The symptom was that the service was almost fine. Requests mostly worked. Logins sometimes didn't. Logs had gone strangely quiet. Nothing was throwing a clean error, which is always the worst kind of broken, because a stack trace at least tells you where to stand.
I went round the usual houses for ten minutes, app logs, database, the load balancer, before doing the thing I should have done first.
$ df -h
/dev/sda1 20G 20G 0 100% /var
There it is. /var was completely full. And a full /var does not fail loudly, it fails broadly. Logging silently dropped writes, which is why the logs had gone quiet. Session files couldn't be written, which is why logins sometimes failed.
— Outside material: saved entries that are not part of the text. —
lemma (in prob_space) integral_in_unit_interval:
  fixes f :: "'a \<Rightarrow> real"
  assumes "f \<in> borel_measurable M" and f01: "\<And>x. x \<in> space M \<Longrightarrow> 0 \<le> f x \<and> f x \<le> 1"
  shows "0 \<le> (\<integral>x. f x \<partial>M) \<and> (\<integral>x. f x \<partial>M) \<le> 1"
proof -
  have "integrable M f"
    using assms by (intro integrable_const_bound[where B=1]) auto
  then show ?thesis
    using f01 by (auto intro!: integral_nonneg_AE integral_le_const AE_I2)
qed

lemma sample_mean_in_unit_interval:
  fixes f :: "'x \<Rightarrow> real"
  assumes S: "S \<in> space (PiM {..<n} (\<lambda>_. D))" and f01: "\<And>x. x \<in> space D \<Longrightarrow> 0 \<le> f x \<and> f x \<le> 1"
  shows "0 \<le> (\<Sum>i<n. f (S i)) / real n \<and> (\<Sum>i<n. f (S i)) / real n \<le> 1"
proof -
  have fS: "0 \<le> f (S i) \<and> f (S i) \<le> 1" if "i < n" for i
    using f01 S that by (auto simp: space_PiM PiE_iff)
  then have "(\<Sum>i<n. f (S i)) \<le> (\<Sum>i<n. 1)"
    by (intro sum_mono) auto
  then show ?thesis
    using fS by (auto intro!: sum_nonneg divide_nonneg_nonneg simp: divide_le_eq_1)
qed
lemma integral_component:
  fixes h :: "real \<times> nat \<Rightarrow> real"
  assumes k: "2 \<le> k" and h: "h \<in> borel_measurable (borel \<Otimes>\<^sub>M count_space UNIV)"
  shows "integrable Y (\<lambda>w. h (w k)) \<longleftrightarrow> integrable (yule_factor l k) h"
    and "(\<integral>w. h (w k) \<partial>Y) = (\<integral>x. h x \<partial>yule_factor l k)"
proof -
  have distr: "distr Y (yule_factor l k) (\<lambda>w. w k) = yule_factor l k"
    using k by (intro P.PiM_component) auto
  have h': "h \<in> borel_measurable (yule_factor l k)"
    using h by (simp add: measurable_cong_sets[OF sets_yule_factor refl])
  show "integrable Y (\<lambda>w. h (w k)) \<longleftrightarrow> integrable (yule_factor l k) h"
    using integrable_distr_eq[OF component_measurable[where J="{2..}"] h'] distr by simp
  show "(\<integral>w. h (w k) \<partial>Y) = (\<integral>x. h x \<partial>yule_factor l k)"
    using integral_distr[OF component_measurable[where J="{2..}"] h'] distr by simp
qed

lemma holding_time_expectation:
  assumes k: "2 \<le> k"
  shows "integrable Y (\<lambda>w. fst (w k))" and "(\<integral>w. fst (w k) \<partial>Y) = 1 / (real k * l)"
proof -
  let ?r = "real k * l"
  have r: "0 < ?r" using k rate_pos by simp
  note F = prob_space_yule_factor[OF rate_pos, of k]
  have "distr (yule_factor l k) lborel fst
          = distr (yule_factor l k) (density lborel (exponential_density ?r)) fst"
    by (rule distr_cong) auto
  also have "\<dots> = density lborel (exponential_density ?r)"
    unfolding yule_factor_eq[OF k] by (rule measure_pmf.distr_pair_fst)
  finally have "distributed (yule_factor l k) lborel fst (exponential_density ?r)"
    unfolding distributed_def by (simp add: measurable_cong_sets[OF sets_yule_factor refl])
  from prob_space.erlang_ith_moment_integrable[OF F r this, of 1] prob_space.erlang_ith_moment[OF F r this, of 1]
  have "integrable (yule_factor l k) fst" "(\<integral>x. fst x \<partial>yule_factor l k) = 1 / ?r"
    by simp_all
  with integral_component[OF k, of fst]
  show "integrable Y (\<lambda>w. fst (w k))" "(\<integral>w. fst (w k) \<partial>Y) = 1 / (real k * l)"
    by simp_all
qed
The package cache, the mail spool, half a dozen things that all assume they can write a few bytes, were quietly returning ENOSPC and the application was mostly shrugging it off and carrying on, badly.
The culprit was a debug log left on after a deployment a fortnight earlier, growing at a few hundred megabytes a day until it ate the partition. A truncate on the offending file bought immediate relief, then I turned the debug logging off and added a logrotate stanza so it could never do this again. A disk-usage alert at 85 percent went on afterwards, because the real failure here was that the first I heard of a full disk was a user telling me logins were flaky. The machine knew hours earlier. It just had no way to tell me.